ASSIGNED TASK: From the entries below, output the line with "for a a\<^sub>0" and each following line up to and including the line with "V\<close> gt1 by fastforce", exactly as written.

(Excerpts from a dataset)

lemma INF_SUP_absF_affine_add_pos:
  fixes f :: "'x \<Rightarrow> 'k::{field,finite} fls ^ 'n" and \<theta> :: "'x \<Rightarrow> 'k fls"
  assumes independent: "\<forall>c\<^sub>0 c. (\<forall>x\<in>V. c\<^sub>0 + dotv c (f x) = 0) \<longrightarrow> c\<^sub>0 = 0 \<and> c = 0"
    and f_le: "\<forall>x\<in>V. normv (f x) \<le> 1" and \<theta>_le: "\<forall>x\<in>V. absF (\<theta> x) \<le> 1"
  shows "\<exists>M\<^sub>0>1. (INF p \<in> {(a, a\<^sub>0). normv a \<ge> M\<^sub>0}.
            SUP x\<in>V. absF (snd p + dotv (fst p) (f x) + \<theta> x)) > 0"
proof -
  obtain \<Lambda> where "\<Lambda> > 0" and \<Lambda>: "\<And>a a\<^sub>0. \<exists>x\<in>V. normv a \<le> \<Lambda> * absF (a\<^sub>0 + dotv a (f x))"
    using affine_independent_imp_normv_le[OF independent] by blast
  define M\<^sub>0 where "M\<^sub>0 = \<Lambda> + 1"
  let ?S = "{(a :: 'k fls ^ 'n, a\<^sub>0 :: 'k fls). normv a \<ge> M\<^sub>0}"
  have "1 \<le> (SUP x\<in>V. absF (a\<^sub>0 + dotv a (f x) + \<theta> x))" if "normv a \<ge> M\<^sub>0" for a a\<^sub>0
  proof -
    obtain x where "x \<in> V" and x: "normv a \<le> \<Lambda> * absF (a\<^sub>0 + dotv a (f x))" using \<Lambda> by blast
    have "\<Lambda> * 1 < \<Lambda> * absF (a\<^sub>0 + dotv a (f x))" using x that unfolding M\<^sub>0_def by linarith
    hence gt1: "1 < absF (a\<^sub>0 + dotv a (f x))" using \<open>\<Lambda> > 0\<close> by simp
    have "absF (\<theta> x) < absF (a\<^sub>0 + dotv a (f x))" using \<theta>_le \<open>x \<in> V\<close> gt1 by fastforce
    hence "absF (a\<^sub>0 + dotv a (f x) + \<theta> x) = absF (a\<^sub>0 + dotv a (f x))" by (rule absF_add_eq_left)
    moreover have "bdd_above ((\<lambda>x. absF (a\<^sub>0 + dotv a (f x) + \<theta> x)) ` V)"
    proof (rule bdd_aboveI2)
      fix y assume "y \<in> V"
      have "absF (a\<^sub>0 + dotv a (f y) + \<theta> y) \<le> max (max (absF a\<^sub>0) (absF (dotv a (f y)))) (absF (\<theta> y))"
        using absF_add_le[of "a\<^sub>0 + dotv a (f y)" "\<theta> y"] absF_add_le[of a\<^sub>0 "dotv a (f y)"] by linarith
      also have "\<dots> \<le> absF a\<^sub>0 + normv a + 1"
        using absF_dotv_le[of a "f y"] f_le \<theta>_le \<open>y \<in> V\<close> absF_nonneg[of a\<^sub>0] normv_nonneg[of a]
          mult_left_le[of "normv (f y)" "normv a"] by fastforce
      finally show "absF (a\<^sub>0 + dotv a (f y) + \<theta> y) \<le> absF a\<^sub>0 + normv a + 1" .
    qed
    ultimately show ?thesis using cSUP_upper[OF \<open>x \<in> V\<close>] gt1 by fastforce
  qed
  moreover have "?S \<noteq> {}"
  proof -
    obtain y :: "'k fls" where "absF y > M\<^sub>0" using ex_absF_gt by blast
    hence "M\<^sub>0 < normv ((\<chi> i. y) :: 'k fls ^ 'n)"
      using absF_le_normv[of "(\<chi> i. y) :: 'k fls ^ 'n" undefined] by simp
    hence "((\<chi> i. y), 0) \<in> ?S" by simp
    thus ?thesis by blast
  qed
  ultimately have "1 \<le> (INF p \<in> ?S. SUP x\<in>V. absF (snd p + dotv (fst p) (f x) + \<theta> x))"
    by (intro cINF_greatest) auto
  moreover have "M\<^sub>0 > 1" unfolding M\<^sub>0_def using \<open>\<Lambda> > 0\<close> by simp
  ultimately show ?thesis by (intro exI[of _ M\<^sub>0]) auto
qed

EXERCISE RESULT:
  have "1 \<le> (SUP x\<in>V. absF (a\<^sub>0 + dotv a (f x) + \<theta> x))" if "normv a \<ge> M\<^sub>0" for a a\<^sub>0
  proof -
    obtain x where "x \<in> V" and x: "normv a \<le> \<Lambda> * absF (a\<^sub>0 + dotv a (f x))" using \<Lambda> by blast
    have "\<Lambda> * 1 < \<Lambda> * absF (a\<^sub>0 + dotv a (f x))" using x that unfolding M\<^sub>0_def by linarith
    hence gt1: "1 < absF (a\<^sub>0 + dotv a (f x))" using \<open>\<Lambda> > 0\<close> by simp
    have "absF (\<theta> x) < absF (a\<^sub>0 + dotv a (f x))" using \<theta>_le \<open>x \<in> V\<close> gt1 by fastforce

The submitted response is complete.